Originally, the opera Krútňava (Whirlpool) by Slovak composer Eugen Suchoň was to open the new premises. But after Teatro alla Scalla in Milan refused to allow tenor Miroslav Dvorský to miss rehearsals there in order to sing the lead in the opera, the SND postponed its premiere and replaced it with a gala evening featuring such stars as sopranos Gabriela Beňačková and Eva Urbanová, mezzo soprano Jolana Fogašová, soprano Adriana Kohútková, tenors Peter Dvorský and Sergej Larin, and baritone Martin Babjak, all of whom sang a selection of opera arias under the baton of the chief conductor of the SND Opera, Rastislav Štúr.

Due to its new premises, the SND had to leave P.O. Hviezdoslav Theatre and Malá Scéna and move its dramatic performances to the new edifice, although some plays will be performed in the historical SND building at Hviezdoslavovo Square. The SND kept this building, where it will also continue to present some of its opera and ballet pieces.

In April, SND audiences can look forward to premieres of the opera Ariadne auf Naxos by Richard Strauss, scheduled for April 27 and 28, and the new ballet, Warhol, to be premiered on April 20. A drama by Slovak author Viliam Klimáček, Kto sa bojí Beatles (With a Little Help From My Friends), premieres on April 21, and R.U.R., a play by Czech playwright Karel Čapek, will take place on April 22.

The white building, faced with travertine from the Spiš region, contains two large theatres, one smaller recital hall, rehearsal rooms, 200 offices and many other spaces. The opera and ballet theatre has a capacity of 900 seats, and there are 640 seats in the drama hall. The recital hall holds 150 to 190 spectators.
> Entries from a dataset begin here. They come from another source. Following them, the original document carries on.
lemma indicator_pair_moment_far:
  assumes st: "s \<noteq> t" and u: "\<bar>t - s\<bar> \<ge> u0" and h: "h > 0"
  shows "(\<integral>\<omega>. indicator {b..<b+h} (X s \<omega>) * indicator {b..<b+h} (X t \<omega>) \<partial>M)
         \<le> (mass f {b..<b+h})^2 + h * (\<pi> \<bar>t - s\<bar> * mass k {b..<b+h})"
proof -
  let ?B = "{b..<b+h}" let ?u = "\<bar>t - s\<bar>"
  have pi0: "\<pi> ?u \<ge> 0" using \<pi>_nonneg u by simp
  have "ennreal (\<integral>\<omega>. indicator ?B (X s \<omega>) * indicator ?B (X t \<omega>) \<partial>M)
      \<le> (\<integral>\<^sup>+p. ennreal (f (fst p)) * ennreal (f (snd p)) * indicator (?B \<times> ?B) p
           + ennreal (k (fst p) * \<pi> ?u) * ennreal 1 * indicator (?B \<times> ?B) p \<partial>(lborel \<Otimes>\<^sub>M lborel))"
    unfolding indicator_pair_moment[OF _ st, of ?B, simplified]
  proof (intro nn_integral_mono)
    fix p :: "real \<times> real"
    obtain y z where p: "p = (y, z)" by (cases p)
    have "fu ?u y z \<le> f y * f z + k y * \<pi> ?u"
      using A1ii[OF u, of y z] by simp
    then have "ennreal (fu ?u y z) \<le> ennreal (f y) * ennreal (f z) + ennreal (k y * \<pi> ?u)"
      using f_nonneg k_nonneg[of y] pi0
      by (simp add: ennreal_mult[symmetric] ennreal_plus[symmetric] ennreal_leI del: ennreal_plus)
    then show "(\<lambda>(y, z). ennreal (fu ?u y z)) p * indicator (?B \<times> ?B) p
        \<le> ennreal (f (fst p)) * ennreal (f (snd p)) * indicator (?B \<times> ?B) p
          + ennreal (k (fst p) * \<pi> ?u) * ennreal 1 * indicator (?B \<times> ?B) p"
      by (auto simp: p indicator_def)
  qed
  also have "\<dots> = (\<integral>\<^sup>+p. ennreal (f (fst p)) * ennreal (f (snd p)) * indicator (?B \<times> ?B) p \<partial>(lborel \<Otimes>\<^sub>M lborel))
       + (\<integral>\<^sup>+p. ennreal (k (fst p) * \<pi> ?u) * ennreal 1 * indicator (?B \<times> ?B) p \<partial>(lborel \<Otimes>\<^sub>M lborel))"
    by (rule nn_integral_add) auto
  also have "(\<integral>\<^sup>+p. ennreal (f (fst p)) * ennreal (f (snd p)) * indicator (?B \<times> ?B) p \<partial>(lborel \<Otimes>\<^sub>M lborel))
      = ennreal (mass f ?B) * ennreal (mass f ?B)"
    by (subst nn_integral_square_product) (auto simp: nn_integral_mass[OF f_int f_nonneg])
  also have "(\<integral>\<^sup>+p. ennreal (k (fst p) * \<pi> ?u) * ennreal 1 * indicator (?B \<times> ?B) p \<partial>(lborel \<Otimes>\<^sub>M lborel))
      = (\<integral>\<^sup>+y. ennreal (k y * \<pi> ?u) * indicator ?B y \<partial>lborel) * (\<integral>\<^sup>+z. ennreal 1 * indicator ?B z \<partial>lborel)"
    by (rule nn_integral_square_product) auto
  also have "(\<integral>\<^sup>+z. ennreal 1 * indicator ?B z \<partial>lborel) = ennreal h" using h by simp
  also have "(\<integral>\<^sup>+y. ennreal (k y * \<pi> ?u) * indicator ?B y \<partial>lborel)
      = ennreal (\<pi> ?u) * (\<integral>\<^sup>+y. ennreal (k y) * indicator ?B y \<partial>lborel)"
    using k_nonneg pi0 by (subst nn_integral_cmult[symmetric]) (auto simp: ennreal_mult mult_ac)
  also have "(\<integral>\<^sup>+y. ennreal (k y) * indicator ?B y \<partial>lborel) = ennreal (mass k ?B)"
    by (rule nn_integral_mass[OF k_int k_nonneg])
  finally have "ennreal (\<integral>\<omega>. indicator ?B (X s \<omega>) * indicator ?B (X t \<omega>) \<partial>M)
      \<le> ennreal ((mass f ?B)^2 + h * (\<pi> ?u * mass k ?B))"
    using h pi0 by (simp add: ennreal_mult mass_nonneg mult_ac power2_eq_square ennreal_plus)
  then show ?thesis using h pi0 mass_nonneg[of k ?B]
    by (simp add: ennreal_plus[symmetric] ennreal_le_iff del: ennreal_plus)
qed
Construction on the theatre started in April, 1986. Costs were projected at 874 million Czechoslovak crowns, but rose as the construction was prolonged by 15 years to about Sk5 billion (€149.3 million).

The entire area by the Danube is now experiencing a huge construction boom. J&T has reconstructed the nearby business centre, Tower 115, and Irish developer Ballymore Properties is constructing a development to include apartments, shops, office premises, and leisure facilities.